Think about address ing. When accessing a memory space represented by a virtual address, you must first access the memory several times, the page table items used for conversion in each level of page table (the page table is stored in the memory) can be mapped. That is to say, to implement a memory access, the memory is actually accessed n + 1 times (n = page table level), and N addition operations are required.
Therefore, address ing must be supported by hardware. MMU (Memory Management Unit) is the hardware. A cache is required to store the page table. This cache is TLB (translation lookaside buffer ).
However, address ing still has a large overhead.

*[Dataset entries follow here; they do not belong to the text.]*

lemma move_in_lattS:
  assumes "l \<noteq> m" "i l \<noteq> 0" "i \<in> lattS N"
  shows "move l m i \<in> lattS N"
proof -
  have "i l + i m \<le> (\<Sum>a\<in>UNIV. i a)"
    using sum_mono2[of UNIV "{l, m}" i] assms(1) by simp
  then show ?thesis
    using assms sum_fun_upd_nat[of "i(l := i l - 1)" m "Suc (i m)"] sum_fun_upd_nat[of i l "i l - 1"]
    by (simp add: move_def lattS_def)
qed

lemma move_neq: "move l m i \<noteq> i"
  unfolding move_def by (metis fun_upd_same n_not_Suc_n)

lemma move_inj:
  assumes "l \<noteq> m" "i l \<noteq> 0" "l' \<noteq> m'" "i l' \<noteq> 0" "move l m i = move l' m' i"
  shows "l = l' \<and> m = m'"
proof -
  have "jump l m = (\<lambda>a. int (move l m i a) - int (i a))"
    using move_diff_eq_jump[of l m i] assms(1,2) by simp
  also have "\<dots> = jump l' m'"
    unfolding assms(5) using move_diff_eq_jump[of l' m' i] assms(3,4) by simp
  finally show ?thesis
    by (rule jump_inj[OF assms(1,3)])
qed

lemma sum_Umat_off_diagonal:
  assumes i: "i \<in> lattS N"
  shows "(\<Sum>j\<in>lattS N - {i}. Umat w i j * f j) = (\<Sum>(l, m)\<in>off_diag. w l m * real (i l) * f (move l m i))"
proof -
  define E where "E = {(l, m) \<in> off_diag. i l \<noteq> 0}"
  have inj: "inj_on (\<lambda>(l, m). move l m i) E"
  proof (rule inj_onI, clarify)
    fix l m l' m' assume "(l, m) \<in> E" "(l', m') \<in> E" "move l m i = move l' m' i"
    then show "l = l' \<and> m = m'"
      using move_inj[of l m i l' m'] unfolding E_def off_diag_def by blast
  qed
  have "(\<Sum>j\<in>lattS N - {i}. Umat w i j * f j) = (\<Sum>j\<in>(\<lambda>(l, m). move l m i) ` E. Umat w i j * f j)"
  proof (rule sum.mono_neutral_right)
    show "(\<lambda>(l, m). move l m i) ` E \<subseteq> lattS N - {i}"
      using i by (auto simp: E_def off_diag_def move_neq intro: move_in_lattS)
    have "Umat w i j = 0" if j: "j \<in> lattS N - {i} - (\<lambda>(l, m). move l m i) ` E" for j
    proof (rule Umat_eq_0)
      show "j \<noteq> move l m i" if "l \<noteq> m" "i l \<noteq> 0" for l m
      proof -
        have "move l m i \<in> (\<lambda>(l, m). move l m i) ` E"
          using that by (force simp: E_def off_diag_def)
        then show ?thesis
          using j by blast
      qed
    qed (use j in simp)
    then show "\<forall>j\<in>lattS N - {i} - (\<lambda>(l, m). move l m i) ` E. Umat w i j * f j = 0"
      by simp
  qed simp
  also have "\<dots> = (\<Sum>(l, m)\<in>E. Umat w i (move l m i) * f (move l m i))"
    unfolding sum.reindex[OF inj] by (simp add: case_prod_beta)
  also have "\<dots> = (\<Sum>(l, m)\<in>E. w l m * real (i l) * f (move l m i))"
    by (rule sum.cong) (auto simp: E_def off_diag_def Umat_move)
  also have "\<dots> = (\<Sum>(l, m)\<in>off_diag. w l m * real (i l) * f (move l m i))"
    by (rule sum.mono_neutral_left) (auto simp: E_def)
  finally show ?thesis .
qed
(* Let $f\in(0,1)$ be a target frequency, $\epsilon>0$, $K,P\in\mathbb{Z}_{\ge1}$, and $\eta_g,\eta_s\in(0,1)$. Let $c$ be a candidate pattern whose true frequency $f_c\in[0,1]$ is the fraction of data owners whose local data contain $c$. Suppose $c$ has been responded to in $m_c\ge 1$ rounds, in each of which $P$ data owners respond, so $n_c=Pm_c$, and its accumulated response is $$r_c=\sum_{k=1}^{n_c} B_k+\sum_{\ell=1}^{m_c} G_\ell,$$ where $B_1,\dots,B_{n_c}$ are i.i.d. Bernoulli$(f_c)$ random variables (indicators that the sampled responding data owners contain $c$), $G_1,\dots,G_{m_c}$ are i.i.d. two-sided geometric random variables with parameter $\alpha=e^{-\epsilon/K}$, and the $B_k$ are independent of the $G_\ell$. Then $c$ is not a frequent pattern (i.e. $f_c< f$, or at least $f_c\le f$) with confidence $(1-\eta_g)(1-\eta_s)$ when $$\frac{r_c}{n_c}+\sqrt{\frac{2e^{-\epsilon/K}}{2(1-e^{-\epsilon/K})^2P^2m_c\eta_g}}+\sqrt{\frac{\ln\eta_s}{-2n_c}}\ \le\ f;$$ that is, with probability at least $(1-\eta_g)(1-\eta_s)$ one has $f_c\le \frac{r_c}{n_c}+\sqrt{\frac{2e^{-\epsilon/K}}{2(1-e^{-\epsilon/K})^2P^2m_c\eta_g}}+\sqrt{\frac{\ln\eta_s}{-2n_c}}$, so that whenever the left-hand side of the displayed inequality is at most $f$, $f_c\le f$.
   Context: A two-sided geometric random variable $G(\alpha)$, $\alpha\in(0,1)$, has $\mathbb{P}(G(\alpha)=x)=\frac{1-\alpha}{1+\alpha}\alpha^{|x|}$ for $x\in\mathbb{Z}$; it arises as the aggregate of the distributed Pólya noises added by the $P$ responders of a candidate in one round. A pattern is frequent if its frequency among the data owners is at least the target frequency $f$. *)

theory Defs
  imports "HOL-Probability.Probability"
begin

definition two_sided_geom_pmf :: "real \<Rightarrow> int \<Rightarrow> real" where
  "two_sided_geom_pmf \<alpha> x = (1 - \<alpha>) / (1 + \<alpha>) * \<alpha> ^ nat \<bar>x\<bar>"

end

theory Submission
  imports Defs
begin

(* Write n = P m_c, S_B for the sum of the n Bernoulli indicators and S_G for the sum of the
   m_c geometric noises. Hoeffding's inequality gives S_B > n f_c - n b outside an event of
   probability eta_s, b being the second square root. A two-sided geometric variable has a
   symmetric law with second moment 2 alpha / (1 - alpha)^2, so S_G is symmetric with second
   moment m_c times that; Chebyshev's inequality, halved by symmetry, gives S_G >= - n a outside
   an event of probability eta_g, a being the first square root. S_B and S_G are independent, so
   both bounds hold with probability at least (1 - eta_s)(1 - eta_g), and together they give
   f_c <= (S_B + S_G) / n + a + b. *)

lemma geometric_deriv2_sums:
  fixes z :: "'a :: {real_normed_field, banach}"
  assumes "norm z < 1"
  shows "(\<lambda>n. of_nat (Suc n) * of_nat (Suc (Suc n)) * z ^ n) sums (2 / (1 - z) ^ 3)"
proof -
  have "(\<lambda>n. diffs (\<lambda>n. of_nat (Suc n)) n * z ^ n) sums (2 / (1 - z) ^ 3)"
  proof (rule termdiffs_sums_strong[where K = 1])
    fix w :: 'a assume "norm w < 1"
    then show "(\<lambda>n. of_nat (Suc n) * w ^ n) sums (1 / (1 - w) ^ 2)"
      by (rule geometric_deriv_sums)
  next
    have "1 - z \<noteq> 0" using assms by auto
    have "u \<noteq> 0 \<Longrightarrow> 2 * u / (u ^ 2) ^ 2 = 2 / u ^ 3" for u :: 'a
      by (simp add: field_simps power2_eq_square power3_eq_cube)
    from this[OF \<open>1 - z \<noteq> 0\<close>] \<open>1 - z \<noteq> 0\<close>
    show "((\<lambda>w. 1 / (1 - w) ^ 2) has_field_derivative 2 / (1 - z) ^ 3) (at z)"
      by (auto intro!: derivative_eq_intros)
  qed (use assms in auto)
  then show ?thesis
    by (simp add: diffs_def mult.commute)
qed

lemma nat_square_geometric_sums:
  fixes z :: "'a :: {real_normed_field, banach}"
  assumes "norm z < 1"
  shows "(\<lambda>n. of_nat n ^ 2 * z ^ n) sums (z * (1 + z) / (1 - z) ^ 3)"
proof -
  have "2 / w ^ 3 - 3 * (1 / w ^ 2) + 1 / w = (1 - w) * (1 + (1 - w)) / w ^ 3" if "w \<noteq> 0" for w :: 'a
    using that by (simp add: field_simps power2_eq_square power3_eq_cube)
  moreover have "1 - z \<noteq> 0"
    using assms by auto
  ultimately have limit: "2 / (1 - z) ^ 3 - 3 * (1 / (1 - z) ^ 2) + 1 / (1 - z) = z * (1 + z) / (1 - z) ^ 3"
    by simp
  have "(\<lambda>n. of_nat (Suc n) * of_nat (Suc (Suc n)) * z ^ n - 3 * (of_nat (Suc n) * z ^ n) + z ^ n)
      sums (2 / (1 - z) ^ 3 - 3 * (1 / (1 - z) ^ 2) + 1 / (1 - z))"
    using assms by (intro sums_add sums_diff sums_mult geometric_deriv2_sums geometric_deriv_sums geometric_sums)
  then show ?thesis
    unfolding limit by (simp add: algebra_simps power2_eq_square)
qed

lemma measure_eqI_countable_AE_borel:
  fixes M N :: "'b :: t1_space measure"
  assumes [simp]: "sets M = sets borel" "sets N = sets borel"
    and ae: "AE x in M. x \<in> \<Omega>" "AE x in N. x \<in> \<Omega>" and [simp]: "countable \<Omega>"
    and eq: "\<And>x. x \<in> \<Omega> \<Longrightarrow> emeasure M {x} = emeasure N {x}"
  shows "M = N"
proof (rule measure_eqI)
  fix A assume A: "A \<in> sets M"
  have countable_borel: "S \<in> sets borel" if "countable S" for S :: "'b set"
    by (rule sets.countable[OF _ that]) (auto intro: borel_closed)
  define A' where "A' = {x \<in> \<Omega>. x \<in> A}"
  have A': "countable A'"
    unfolding A'_def by (rule countable_subset[of _ \<Omega>]) auto
  have "emeasure N A = emeasure N A'"
    using ae A countable_borel[OF A'] unfolding A'_def by (intro emeasure_eq_AE) auto
  also have "\<dots> = (\<integral>\<^sup>+x. emeasure N {x} \<partial>count_space A')"
    using A' by (intro emeasure_countable_singleton) auto
  also have "\<dots> = (\<integral>\<^sup>+x. emeasure M {x} \<partial>count_space A')"
    by (intro nn_integral_cong eq[symmetric]) (auto simp: A'_def)
  also have "\<dots> = emeasure M A'"
    using A' by (intro emeasure_countable_singleton[symmetric]) auto
  also have "\<dots> = emeasure M A"
    using ae A countable_borel[OF A'] unfolding A'_def by (intro emeasure_eq_AE) auto
  finally show "emeasure M A = emeasure N A" ..
qed simp
lemma Phi_at_pair:
  assumes alt: "alt_perm m xs" and ev: "even m"
    and dec: "pairs_of xs = L @ p # R" and tp: "t = fst p \<or> t = snd p"
  shows "Phi_step xs (m + 1 - nat t) = (t = fst p) \<and>
    Phi_label xs (m + 1 - nat t) = int (length (filter (\<lambda>q. snd q < t \<and> t < fst q) R))"
proof -
  have len: "length xs = m" and dist: "distinct xs" and set_xs: "set xs = {1..int m}"
    using alt by (auto simp: alt_perm_def)
  have xs: "xs = flatten (L @ p # R)" using dec flatten_pairs_of[of xs] ev len by simp
  define i where "i = 2 * length L + (if t = fst p then 1 else 2)"
  have pe_i: "pe xs i = t" using xs tp by (auto simp: i_def pe_def nth_append)
  have i: "1 \<le> i" "i \<le> length xs" using xs by (auto simp: i_def)
  have "t \<in> set xs" using xs tp by auto
  then have t: "1 \<le> t" "t \<le> int m" using set_xs by auto
  have "posk xs (m + 1 - nat t) = i"
    using posk_eq[OF dist _ i] pe_i t set_xs len by auto
  moreover have "fst p \<noteq> snd p" using dist xs by simp
  moreover have "inv_code xs i = length (filter (\<lambda>q. snd q < t \<and> t < fst q) R)"
    using inv_code_at_pair[of i L p R] pe_i xs by (simp add: i_def)
  ultimately show ?thesis using pe_i t tp by (auto simp: Phi_step_def Phi_label_def i_def)
qed

lemma restrict_step:
  assumes alt: "alt_perm m xs" and ev: "even m" and t: "1 \<le> t" "t \<le> int m"
  defines "k \<equiv> m + 1 - nat t"
  shows "0 \<le> Phi_label xs k \<and> label_ok (Phi_step xs k) (nat (Phi_label xs k)) (restrict t (pairs_of xs))
    \<and> restrict (t - 1) (pairs_of xs)
        = apply_step (Phi_step xs k) (nat (Phi_label xs k)) t (restrict t (pairs_of xs))"
proof -
  define ps where "ps = pairs_of xs"
  note xs = alt_perm_pairs[OF alt ev, folded ps_def]
  have "t \<in> set (flatten ps)" using xs t by simp
  then obtain p where "p \<in> set ps" and tp: "t = fst p \<or> t = snd p"
    unfolding set_flatten by auto
  then obtain L R where dec: "ps = L @ p # R" by (meson in_set_conv_decomp)
  have "distinct (flatten L @ fst p # snd p # flatten R)" using xs(1,3) dec by simp
  then have "t \<notin> set (flatten L)" "t \<notin> set (flatten R)" using tp by auto
  then have fresh: "\<forall>q\<in>set L \<union> set R. fst q \<noteq> t \<and> snd q \<noteq> t"
    using in_flatten by blast
  have zz: "zigzag (L @ [p])" "snd p < fst p"
    using xs(2) dec by (auto simp: zigzag_append zigzag_Cons)
  have restrict_L: "restrict (t - 1) L = restrict t L" and restrict_R: "restrict (t - 1) R = restrict t R"
    using restrict_pred fresh by auto
  define c where "c = n_open (restrict t R)"
  have Phi: "Phi_step xs k = (t = fst p)" "Phi_label xs k = int c"
    using Phi_at_pair[OF alt ev dec[unfolded ps_def] tp] n_open_restrict[of t R] fresh t
    by (auto simp: k_def c_def)
  show ?thesis
  proof (cases "t = fst p")
    case True
    have "restrict t L = [] \<or> snd (last (restrict t L)) = 0"
      using restrict_last_open[of L "fst p" "snd p" t] zz True by simp
    then have "insert_top c (t, 0) (restrict t ps) = restrict (t - 1) ps"
      using insert_top_split[of "restrict t L" "restrict t R" c "(t, 0)"] dec True zz
        restrict_L restrict_R by (simp add: c_def)
    then show ?thesis using Phi True dec by (simp add: c_def ps_def label_ok_def apply_step_def)
  next
    case False
    then have bottom: "t = snd p" "t < fst p" using tp zz by auto
    then have "close_open c t (restrict t ps) = restrict (t - 1) ps"
      using close_open_split[of "(fst p, 0)" "restrict t R" c t "restrict t L"] dec t
        restrict_L restrict_R by (simp add: c_def)
    then show ?thesis using Phi bottom dec by (simp add: c_def ps_def label_ok_def apply_step_def)
  qed
qed

lemma Phi_nth:
  assumes "k < length xs"
  shows "fst (Phi xs) ! k = Phi_step xs (Suc k)" "snd (Phi xs) ! k = Phi_label xs (Suc k)"
  using assms by (simp_all add: Phi_def Phi_path_def del: upt_Suc)

lemma length_Phi: "length (fst (Phi xs)) = length xs" "length (snd (Phi xs)) = length xs"
  by (simp_all add: Phi_def Phi_path_def del: upt_Suc)

lemma decode_Phi:
  assumes alt: "alt_perm m xs" and ev: "even m"
  shows "k \<le> m \<Longrightarrow> decode m (Phi xs) k = restrict (int m - int k) (pairs_of xs)"
proof (induction k)
  case 0
  have "\<forall>q\<in>set (pairs_of xs). fst q \<le> int m"
    using in_flatten alt_perm_pairs[OF alt ev] by fastforce
  then show ?case by (simp add: restrict_def filter_empty_conv not_less)
next
  case (Suc k)
  define t where "t = int m - int k"
  have "1 \<le> t" "t \<le> int m" "m + 1 - nat t = Suc k" using Suc.prems by (auto simp: t_def)
  moreover have "k < length xs" using Suc.prems alt by (simp add: alt_perm_def)
  ultimately show ?case
    using restrict_step[OF alt ev, of t] Suc by (simp add: Phi_nth t_def add.commute diff_diff_add)
qed

lemma Phi_labels_ok:
  assumes alt: "alt_perm m xs" and ev: "even m" and k: "k < m"
  shows "0 \<le> snd (Phi xs) ! k \<and> label_ok (fst (Phi xs) ! k) (nat (snd (Phi xs) ! k)) (decode m (Phi xs) k)"
proof -
  define t where "t = int m - int k"
  have "1 \<le> t" "t \<le> int m" "m + 1 - nat t = Suc k" using k by (auto simp: t_def)
  moreover have "k < length xs" using k alt by (simp add: alt_perm_def)
  ultimately show ?thesis
    using restrict_step[OF alt ev, of t] decode_Phi[OF alt ev, of k] k by (simp add: Phi_nth t_def)
qed

lemma decode_Phi_complete:
  assumes alt: "alt_perm m xs" and ev: "even m"
  shows "decode m (Phi xs) m = pairs_of xs" "n_open (pairs_of xs) = 0"
proof -
  have "\<forall>p\<in>set (pairs_of xs). 0 < fst p \<and> 0 < snd p"
    using in_flatten alt_perm_pairs[OF alt ev] by fastforce
  then show "decode m (Phi xs) m = pairs_of xs" "n_open (pairs_of xs) = 0"
    using decode_Phi[OF alt ev, of m] restrict_id[of "pairs_of xs" 0] by (auto simp: n_open_eq_0)
qed

lemma Phi_inj:
  assumes "alt_perm m xs" "alt_perm m ys" "even m" "Phi xs = Phi ys"
  shows "xs = ys"
  using decode_Phi_complete(1)[of m xs] decode_Phi_complete(1)[of m ys] alt_perm_pairs(1)[of m xs]
    alt_perm_pairs(1)[of m ys] assms by metis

Assuming that the cache access speed is 10 times that of the memory, the hit rate is 40%, and the page table has three levels, the average virtual address access consumes about two physical memory access times.
Therefore, some embedded hardware may discard MMU, which can run VxWorks (a very efficient embedded real-time operating system) and Linux (which also has the option to disable MMU compilation in Linux), and other systems.
However, the advantages of MMU are also great, most importantly, for security considerations. Each process is an independent virtual address space that does not interfere with each other. After the address ing is abandoned, all programs will run in the same address space. Therefore, on a machine without MMU, a process accesses memory outside of the border, which may cause inexplicable errors of other processes or even cause kernel crash.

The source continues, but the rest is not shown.